I’ve never been comfortable with the concept of rationality in economics, at least, if rationality is defined as maximizing or minimizing a certain function, largely because maximizing and minimizing take effort, and people avoid effort (it is a bad not a good). So when I read jive about information cascades, I roll my eyes. Don’t get me wrong, I like Dr. Schiller; he’s a clever guy. What is meant by information cascades is a sudden acknowledgment of things that were obvious, but ignored, because economic actors decided to follow the crowd.
Now, in the equity markets, momentum players can make money, but they have to cut their losses, and not stay at the game too long on any individual stock that is falling. Houses are far less liquid than stocks, so the threshold to act is that much higher, plus for those that have mortgages, the leverage magnifies the pain when prices fall. Thus people delay acting, and when they act, because a pain threshold has been crossed, they act all at once.

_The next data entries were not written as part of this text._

(* In the multi-parameter setting described in the context, suppose $p_j(\theta)>0$ for all $j$ and all $\theta\in\Theta$. Then $H_\theta=C_\Upsilon(\theta)$ for all $\theta\in\Theta$ if and only if the channel is quasi-classical, i.e. the vectors $|w_k(\theta)\rangle$ do not depend on $\theta$.
   Context: Let $\Theta\subseteq\mathbb{R}^p$ be open (and connected) and $D\ge1$. For $\theta\in\Theta$ let $\Phi_\theta$ be a quantum channel on $D\times D$ complex matrices and $\rho_0=|\psi_0\rangle\langle\psi_0|$ a fixed pure input state. Canonical Kraus operators are $D\times D$ matrices $\Upsilon_1(\theta),\dots,\Upsilon_D(\theta)$, differentiable in $\theta$, with $\sum_k\Upsilon_k^\dagger\Upsilon_k=\mathbb{I}$, $\Phi_\theta(\rho)=\sum_k\Upsilon_k\rho\Upsilon_k^\dagger$, and $\mathrm{tr}\{\Upsilon_k\rho_0\Upsilon_j^\dagger\}=\delta_{jk}p_k(\theta)$. Write $\Upsilon_k(\theta)|\psi_0\rangle=\sqrt{p_k(\theta)}|w_k(\theta)\rangle$ with $\{|w_k(\theta)\rangle\}$ an orthonormal basis of $\mathbb{C}^D$ differentiable in $\theta$; the output is $\rho_\theta=\sum_kp_k|w_k\rangle\langle w_k|$. $C_\Upsilon(\theta)$ is the $p\times p$ matrix with entries $4\sum_l\mathrm{Re}\,\mathrm{tr}\{\frac{\partial\Upsilon_l}{\partial\theta^j}\rho_0(\frac{\partial\Upsilon_l}{\partial\theta^k})^\dagger\}$ and $H_\theta$ the SLD quantum information matrix with entries $\mathrm{Re}\,\mathrm{tr}\{\lambda^j\rho_\theta\lambda^k\}$, $\lambda^j$ Hermitian with $\frac{\partial\rho_\theta}{\partial\theta^j}=\frac12(\rho_\theta\lambda^j+\lambda^j\rho_\theta)$. *)

theory Defs
  imports "HOL-Analysis.Analysis"
begin

(* D x D complex matrices are complex^'d^'d with D = CARD('d); the parameter
   space R^p is real^'p with p = CARD('p). *)

definition adj :: "complex^'d^'d \<Rightarrow> complex^'d^'d" where
  "adj A = (\<chi> i j. cnj (A $ j $ i))"

definition hermitian :: "complex^'d^'d \<Rightarrow> bool" where
  "hermitian A \<longleftrightarrow> adj A = A"

definition ketbra :: "complex^'d \<Rightarrow> complex^'d \<Rightarrow> complex^'d^'d" where
  "ketbra x y = (\<chi> i j. x $ i * cnj (y $ j))"

definition braket :: "complex^'d \<Rightarrow> complex^'d \<Rightarrow> complex" where
  "braket x y = (\<Sum>i\<in>UNIV. cnj (x $ i) * y $ i)"

definition pderiv :: "(real^'p \<Rightarrow> 'b::real_normed_vector) \<Rightarrow> real^'p \<Rightarrow> 'p \<Rightarrow> 'b" where
  "pderiv f \<theta> j = frechet_derivative f (at \<theta>) (axis j 1)"

definition channel_out ::
  "('d \<Rightarrow> real^'p \<Rightarrow> complex^'d^'d) \<Rightarrow> complex^'d^'d \<Rightarrow> real^'p \<Rightarrow> complex^'d^'d" where
  "channel_out Ups rho0 \<theta> = (\<Sum>k\<in>UNIV. Ups k \<theta> ** rho0 ** adj (Ups k \<theta>))"

definition is_SLD :: "complex^'d^'d \<Rightarrow> complex^'d^'d \<Rightarrow> complex^'d^'d \<Rightarrow> bool" where
  "is_SLD rho drho L \<longleftrightarrow> hermitian L \<and> drho = (1/2::real) *\<^sub>R (rho ** L + L ** rho)"

definition SLD_QFI :: "(real^'p \<Rightarrow> complex^'d^'d) \<Rightarrow> real^'p \<Rightarrow> real^'p^'p" where
  "SLD_QFI rho \<theta> =
     (let L = (\<lambda>j. SOME L. is_SLD (rho \<theta>) (pderiv rho \<theta> j) L)
      in \<chi> j k. Re (trace (L j ** rho \<theta> ** L k)))"

definition C_Ups ::
  "('d \<Rightarrow> real^'p \<Rightarrow> complex^'d^'d) \<Rightarrow> complex^'d^'d \<Rightarrow> real^'p \<Rightarrow> real^'p^'p" where
  "C_Ups Ups rho0 \<theta> =
     (\<chi> j k. 4 * (\<Sum>l\<in>UNIV. Re (trace (pderiv (Ups l) \<theta> j ** rho0 ** adj (pderiv (Ups l) \<theta> k)))))"

end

Is this an “information cascade?” I think not. It is more akin to “gunning the stops” in an equity market. As prices fall, more people decide to sell to preserve some value, and prices go down more than anticipated. It is not so much a question of information, but fear that drives the trade.
Information takes a different form. Those who analyze their borrowings such that they know that it is unlikely that they will ever be forced to sell have genuine information. They have sized their borrowings appropriately. They are relying on the table model of stability, rather than the bicycle model (stable so long as you keep moving).
We don’t get dramatic moves in markets from information cascades, but from levered borrowers that are forced to sell for one reason or another. These are borrowers that lacked information. They became “informed” because of price moves that they did not anticipate.